=== DIRECTIONS ===
Your answer should be the lines below from the one holding "sum.atLeastLessThan_Suc mod_Suc odd_iff_mod_2_eq_one)" through the one holding "- (\<Sum>v\<in>V. \<alpha>", copied exactly and with nothing else.

-- INFORMATION GIVEN follows --

(* Let $k\ge 2$ be an integer, and let $G$ be the graph obtained from two disjoint copies of the helm $H_4$ and a path $u_1u_2\cdots u_k$ (of length $k-1$) by identifying $u_1$ with the apex vertex of the first copy of $H_4$ and $u_k$ with the apex vertex of the second copy of $H_4$. Then $G$ admits a signed product cordial labeling.
   Context: A graph $G$ is signed product cordial if there is a vertex labeling $\alpha: V(G)\to\{1,-1\}$ such that, with the induced edge labeling $\alpha^*(uv)=\alpha(u)\alpha(v)$, we have $|v_\alpha(-1)-v_\alpha(1)|\le 1$ and $|e_{\alpha^*}(-1)-e_{\alpha^*}(1)|\le 1$. Here $v_\alpha(x)$ is the number of vertices labeled $x$ and $e_{\alpha^*}(x)$ is the number of edges labeled $x$; such an $\alpha$ is called a signed product cordial labeling. The wheel $W_n$ consists of a cycle $C_n$ (the rim) together with an apex vertex adjacent to every rim vertex. The helm $H_n$ ($n\ge 3$) is obtained from $W_n$ by attaching a pendant edge at each rim vertex. Thus $H_4$ has an apex $v_0$, rim vertices $v_1,\dots,v_4$ forming a $4$-cycle, each adjacent to $v_0$, and pendant vertices $v_1',\dots,v_4'$ with $v_i'$ adjacent only to $v_i$. *)

theory Defs
  imports Main
begin

text \<open>A simple graph is given by a vertex set V and an edge set E of 2-element vertex sets.
  The induced edge label of e = {u,v} is the product of the labels of u and v.\<close>

definition signed_product_cordial_labeling :: "'a set \<Rightarrow> 'a set set \<Rightarrow> ('a \<Rightarrow> int) \<Rightarrow> bool" where
  "signed_product_cordial_labeling V E \<alpha> \<longleftrightarrow>
     (\<forall>v\<in>V. \<alpha> v \<in> {1, -1}) \<and>
     \<bar>int (card {v\<in>V. \<alpha> v = -1}) - int (card {v\<in>V. \<alpha> v = 1})\<bar> \<le> 1 \<and>
     \<bar>int (card {e\<in>E. (\<Prod>v\<in>e. \<alpha> v) = -1}) - int (card {e\<in>E. (\<Prod>v\<in>e. \<alpha> v) = 1})\<bar> \<le> 1"

definition signed_product_cordial :: "'a set \<Rightarrow> 'a set set \<Rightarrow> bool" where
  "signed_product_cordial V E \<longleftrightarrow> (\<exists>\<alpha>. signed_product_cordial_labeling V E \<alpha>)"

text \<open>Vertices of the graph: Path j (j = 1..k) is the path vertex u_j; u_1 is the apex of
  copy 1 of H_4 and u_k the apex of copy 2. Rim c i and Pend c i (c = 1,2; i = 1..4) are
  the rim and pendant vertices of copy c.\<close>

datatype gv = Path nat | Rim nat nat | Pend nat nat

definition apex :: "nat \<Rightarrow> nat \<Rightarrow> gv" where
  "apex k c = (if c = 1 then Path 1 else Path k)"

definition two_helms_path_V :: "nat \<Rightarrow> gv set" where
  "two_helms_path_V k = Path ` {1..k} \<union> {Rim c i | c i. c \<in> {1,2} \<and> i \<in> {1..4}}
      \<union> {Pend c i | c i. c \<in> {1,2} \<and> i \<in> {1..4}}"

definition two_helms_path_E :: "nat \<Rightarrow> gv set set" where
  "two_helms_path_E k =
      {{Rim c i, Rim c (i mod 4 + 1)} | c i. c \<in> {1,2} \<and> i \<in> {1..4}}
    \<union> {{apex k c, Rim c i} | c i. c \<in> {1,2} \<and> i \<in> {1..4}}
    \<union> {{Rim c i, Pend c i} | c i. c \<in> {1,2} \<and> i \<in> {1..4}}
    \<union> {{Path j, Path (j + 1)} | j. j \<in> {1..<k}}"

end

theory Submission
  imports Defs
begin

text \<open>Counting labels amounts to summing them: for a labeling by \<open>\<plusminus>1\<close>, the difference
  between the numbers of \<open>-1\<close>'s and \<open>1\<close>'s is minus the sum of the labels, and sums are additive
  over disjoint unions. Label the path vertex \<open>u\<^sub>j\<close> by \<open>(-1)\<^bsup>\<lfloor>j/2\<rfloor>\<^esup>\<close>, i.e. periodically
  \<open>+,-,-,+\<close>: the partial sums of these labels lie in \<open>{-1,0,1}\<close>, and the edge \<open>u\<^sub>ju\<^sub>j\<^sub>+\<^sub>1\<close>
  gets \<open>(-1)\<^sup>j\<close>, whose partial sums lie in \<open>{-1,0}\<close>. In each helm label the rim \<open>+,+,-,-\<close> and
  the pendants \<open>+,-,+,-\<close>: then its eight non-apex vertices, its rim edges, its pendant edges
  and (whatever the apex label) its spokes all have label sum zero.\<close>

lemma card_minus_card_eq_neg_sum:
  fixes f :: "'a \<Rightarrow> int"
  assumes "finite A" and "\<forall>x\<in>A. f x \<in> {1, -1}"
  shows "int (card {x\<in>A. f x = -1}) - int (card {x\<in>A. f x = 1}) = - (\<Sum>x\<in>A. f x)"
proof -
  have "(\<Sum>x\<in>A. f x) = (\<Sum>x\<in>A. of_bool (f x = 1) - of_bool (f x = -1))"
    using assms(2) by (intro sum.cong) auto
  also have "\<dots> = int (card {x\<in>A. f x = 1}) - int (card {x\<in>A. f x = -1})"
    using assms(1) by (simp add: sum_subtractf Int_def)
  finally show ?thesis by simp
qed

lemma prod_in_signs:
  fixes f :: "'a \<Rightarrow> int"
  assumes "\<forall>x\<in>A. f x \<in> {1, -1}"
  shows "(\<Prod>x\<in>A. f x) \<in> {1, -1}"
proof (cases "finite A")
  case True
  then show ?thesis
    using assms by (induction A rule: finite_induct) auto
next
  case False
  then show ?thesis by simp
qed

lemma sum_neg_one_power_div_two:
  "(\<Sum>j=1..k. (-1::int) ^ (j div 2)) = (-1) ^ (k div 2) * int (k mod 2)"
proof (induction k)
  case 0
  then show ?case by simp
next
  case (Suc k)
  then show ?case by (cases "even k") (simp_all add: mod_Suc odd_iff_mod_2_eq_one)
qed

lemma sum_neg_one_power_one_lessThan:
  assumes "1 \<le> k"
  shows "(\<Sum>j=1..<k. (-1::int) ^ j) = int (k mod 2) - 1"
  using assms
proof (induction k rule: nat_induct_at_least)
  case base
  then show ?case by simp
next
  case (Suc k)
  then show ?case
    by (cases "even k") (simp_all add: sum.atLeastLessThan_Suc mod_Suc odd_iff_mod_2_eq_one)
qed

lemma signed_product_cordial_labeling_iff_sums:
  fixes \<alpha> :: "'a \<Rightarrow> int"
  assumes "finite V" and "finite E" and "\<forall>e\<in>E. e \<subseteq> V" and "\<forall>v\<in>V. \<alpha> v \<in> {1, -1}"
  shows "signed_product_cordial_labeling V E \<alpha> \<longleftrightarrow>
    \<bar>\<Sum>v\<in>V. \<alpha> v\<bar> \<le> 1 \<and> \<bar>\<Sum>e\<in>E. \<Prod>v\<in>e. \<alpha> v\<bar> \<le> 1"
proof -
  have "\<forall>e\<in>E. (\<Prod>v\<in>e. \<alpha> v) \<in> {1, -1}"
  proof
    fix e
    assume "e \<in> E"
    with assms(3,4) have "\<forall>v\<in>e. \<alpha> v \<in> {1, -1}" by blast
    then show "(\<Prod>v\<in>e. \<alpha> v) \<in> {1, -1}" by (rule prod_in_signs)
  qed
  then have "int (card {e\<in>E. (\<Prod>v\<in>e. \<alpha> v) = -1}) - int (card {e\<in>E. (\<Prod>v\<in>e. \<alpha> v) = 1})
      = - (\<Sum>e\<in>E. \<Prod>v\<in>e. \<alpha> v)"
    using assms(2) by (rule card_minus_card_eq_neg_sum[rotated])
  moreover have "int (card {v\<in>V. \<alpha> v = -1}) - int (card {v\<in>V. \<alpha> v = 1}) = - (\<Sum>v\<in>V. \<alpha> v)"
    using assms(1,4) by (rule card_minus_card_eq_neg_sum)
  ultimately show ?thesis
    using assms(4) unfolding signed_product_cordial_labeling_def by simp
qed

fun two_helms_path_label :: "gv \<Rightarrow> int" where
  "two_helms_path_label (Path j) = (-1) ^ (j div 2)"
| "two_helms_path_label (Rim c i) = (if i \<le> 2 then 1 else -1)"
| "two_helms_path_label (Pend c i) = (if odd i then 1 else -1)"

lemma Collect_pair_index_eq: "{f c i | c i. c \<in> C \<and> i \<in> I} = (\<Union>c\<in>C. f c ` I)"
  by blast

definition helm4_vertices :: "nat \<Rightarrow> gv set" where
  "helm4_vertices c = Rim c ` {1..4} \<union> Pend c ` {1..4}"

definition helm4_edges :: "gv \<Rightarrow> nat \<Rightarrow> gv set set" where
  "helm4_edges a c = (\<lambda>i. {Rim c i, Rim c (i mod 4 + 1)}) ` {1..4}
     \<union> (\<lambda>i. {a, Rim c i}) ` {1..4} \<union> (\<lambda>i. {Rim c i, Pend c i}) ` {1..4}"

definition path_edges :: "nat \<Rightarrow> gv set set" where
  "path_edges k = (\<lambda>j. {Path j, Path (j + 1)}) ` {1..<k}"

lemma two_helms_path_V_eq:
  "two_helms_path_V k = Path ` {1..k} \<union> helm4_vertices 1 \<union> helm4_vertices 2"
  unfolding two_helms_path_V_def helm4_vertices_def Collect_pair_index_eq by auto

lemma two_helms_path_E_eq:
  "two_helms_path_E k = helm4_edges (Path 1) 1 \<union> helm4_edges (Path k) 2 \<union> path_edges k"
  unfolding two_helms_path_E_def helm4_edges_def path_edges_def Collect_pair_index_eq
    Setcompr_eq_image
  by (auto simp: apex_def)

lemma sum_label_helm4_vertices: "(\<Sum>v\<in>helm4_vertices c. two_helms_path_label v) = 0"
proof -
  have "{1..4::nat} = {1, 2, 3, 4}" by auto
  then show ?thesis unfolding helm4_vertices_def by simp
qed

lemma sum_edge_label_helm4_edges:
  "(\<Sum>e\<in>helm4_edges (Path j) c. \<Prod>v\<in>e. two_helms_path_label v) = 0"
proof -
  have "{1..4::nat} = {1, 2, 3, 4}" by auto
  then show ?thesis unfolding helm4_edges_def by (simp add: doubleton_eq_iff)
qed

lemma sum_label_Path:
  "(\<Sum>v\<in>Path ` A. two_helms_path_label v) = (\<Sum>j\<in>A. (-1) ^ (j div 2))"
  by (simp add: sum.reindex inj_on_def)

lemma sum_edge_label_path_edges:
  "(\<Sum>e\<in>path_edges k. \<Prod>v\<in>e. two_helms_path_label v) = (\<Sum>j=1..<k. (-1) ^ j)"
proof -
  have "inj_on (\<lambda>j. {Path j, Path (j + 1)}) {1..<k}"
    by (auto simp: inj_on_def doubleton_eq_iff)
  moreover have "(\<Prod>v\<in>{Path j, Path (j + 1)}. two_helms_path_label v) = (-1) ^ j" for j
  proof -
    have "j div 2 + Suc j div 2 = j" by presburger
    then show ?thesis by (simp flip: power_add)
  qed
  ultimately show ?thesis
    unfolding path_edges_def by (simp add: sum.reindex)
qed

lemma sum_label_two_helms_path_V:
  "(\<Sum>v\<in>two_helms_path_V k. two_helms_path_label v) = (\<Sum>j=1..k. (-1) ^ (j div 2))"
proof -
  have "finite (helm4_vertices c)" for c by (simp add: helm4_vertices_def)
  moreover have "Path ` {1..k} \<inter> helm4_vertices c = {}" for c by (auto simp: helm4_vertices_def)
  moreover have "helm4_vertices 1 \<inter> helm4_vertices 2 = {}" by (auto simp: helm4_vertices_def)
  ultimately show ?thesis
    unfolding two_helms_path_V_eq
    by (simp add: sum.union_disjoint Int_Un_distrib2 sum_label_Path sum_label_helm4_vertices)
qed

lemma helm4_edge_cases:
  assumes "e \<in> helm4_edges a c"
  shows "e \<subseteq> insert a (helm4_vertices c)" and "\<exists>i. Rim c i \<in> e"
  using assms by (auto simp: helm4_edges_def helm4_vertices_def)

lemma helm4_edges_disjoint_path_edges: "helm4_edges (Path j) c \<inter> path_edges k = {}"
proof -
  have "e \<subseteq> range Path" if "e \<in> path_edges k" for e
    using that by (auto simp: path_edges_def)
  then show ?thesis
    using helm4_edge_cases(2) by blast
qed

lemma helm4_edges_disjoint: "helm4_edges (Path i) 1 \<inter> helm4_edges (Path j) 2 = {}"
proof -
  have "Rim 1 m \<notin> insert (Path j) (helm4_vertices 2)" for m
    by (auto simp: helm4_vertices_def)
  then show ?thesis
    using helm4_edge_cases by blast
qed

lemma sum_edge_label_two_helms_path_E:
  "(\<Sum>e\<in>two_helms_path_E k. \<Prod>v\<in>e. two_helms_path_label v) = (\<Sum>j=1..<k. (-1) ^ j)"
proof -
  let ?w = "\<lambda>e. \<Prod>v\<in>e. two_helms_path_label v"
  have fin: "finite (helm4_edges a c)" for a c by (simp add: helm4_edges_def)
  have "finite (path_edges k)" by (simp add: path_edges_def)
  moreover have "(helm4_edges (Path 1) 1 \<union> helm4_edges (Path k) 2) \<inter> path_edges k = {}"
    using helm4_edges_disjoint_path_edges by blast
  ultimately have "sum ?w (two_helms_path_E k)
      = sum ?w (helm4_edges (Path 1) 1 \<union> helm4_edges (Path k) 2) + sum ?w (path_edges k)"
    unfolding two_helms_path_E_eq by (intro sum.union_disjoint finite_UnI fin)
  also have "sum ?w (helm4_edges (Path 1) 1 \<union> helm4_edges (Path k) 2)
      = sum ?w (helm4_edges (Path 1) 1) + sum ?w (helm4_edges (Path k) 2)"
    by (intro sum.union_disjoint fin helm4_edges_disjoint)
  finally show ?thesis
    by (simp only: sum_edge_label_helm4_edges sum_edge_label_path_edges add_0)
qed

theorem theorem2p4:
  fixes k :: nat
  assumes "k \<ge> 2"
  shows "signed_product_cordial (two_helms_path_V k) (two_helms_path_E k)"
proof -
  let ?V = "two_helms_path_V k" and ?E = "two_helms_path_E k" and ?\<alpha> = two_helms_path_label
  have "finite ?V" by (simp add: two_helms_path_V_eq helm4_vertices_def)
  moreover have "finite ?E" by (simp add: two_helms_path_E_eq helm4_edges_def path_edges_def)
  moreover have "\<forall>e\<in>?E. e \<subseteq> ?V"
    using assms
    by (auto simp: two_helms_path_E_eq two_helms_path_V_eq helm4_edges_def helm4_vertices_def
        path_edges_def)
  moreover have "\<forall>v\<in>?V. ?\<alpha> v \<in> {1, -1}"
  proof
    fix v show "?\<alpha> v \<in> {1, -1}" by (cases v) (auto simp: minus_one_power_iff)
  qed
  moreover have "\<bar>\<Sum>v\<in>?V. ?\<alpha> v\<bar> \<le> 1"
    unfolding sum_label_two_helms_path_V sum_neg_one_power_div_two by (simp add: abs_mult)
  moreover have "\<bar>\<Sum>e\<in>?E. \<Prod>v\<in>e. ?\<alpha> v\<bar> \<le> 1"
    using assms unfolding sum_edge_label_two_helms_path_E
    by (subst sum_neg_one_power_one_lessThan) simp_all
  ultimately have "signed_product_cordial_labeling ?V ?E ?\<alpha>"
    by (simp add: signed_product_cordial_labeling_iff_sums)
  then show ?thesis
    unfolding signed_product_cordial_def by blast
qed

end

-- INFORMATION GIVEN concluded --

=== YOUR SOLUTION ===
    by (cases "even k") (simp_all add: sum.atLeastLessThan_Suc mod_Suc odd_iff_mod_2_eq_one)
qed

lemma signed_product_cordial_labeling_iff_sums:
  fixes \<alpha> :: "'a \<Rightarrow> int"
  assumes "finite V" and "finite E" and "\<forall>e\<in>E. e \<subseteq> V" and "\<forall>v\<in>V. \<alpha> v \<in> {1, -1}"
  shows "signed_product_cordial_labeling V E \<alpha> \<longleftrightarrow>
    \<bar>\<Sum>v\<in>V. \<alpha> v\<bar> \<le> 1 \<and> \<bar>\<Sum>e\<in>E. \<Prod>v\<in>e. \<alpha> v\<bar> \<le> 1"
proof -
  have "\<forall>e\<in>E. (\<Prod>v\<in>e. \<alpha> v) \<in> {1, -1}"
  proof
    fix e
    assume "e \<in> E"
    with assms(3,4) have "\<forall>v\<in>e. \<alpha> v \<in> {1, -1}" by blast
    then show "(\<Prod>v\<in>e. \<alpha> v) \<in> {1, -1}" by (rule prod_in_signs)
  qed
  then have "int (card {e\<in>E. (\<Prod>v\<in>e. \<alpha> v) = -1}) - int (card {e\<in>E. (\<Prod>v\<in>e. \<alpha> v) = 1})
      = - (\<Sum>e\<in>E. \<Prod>v\<in>e. \<alpha> v)"
    using assms(2) by (rule card_minus_card_eq_neg_sum[rotated])
  moreover have "int (card {v\<in>V. \<alpha> v = -1}) - int (card {v\<in>V. \<alpha> v = 1}) = - (\<Sum>v\<in>V. \<alpha> v)"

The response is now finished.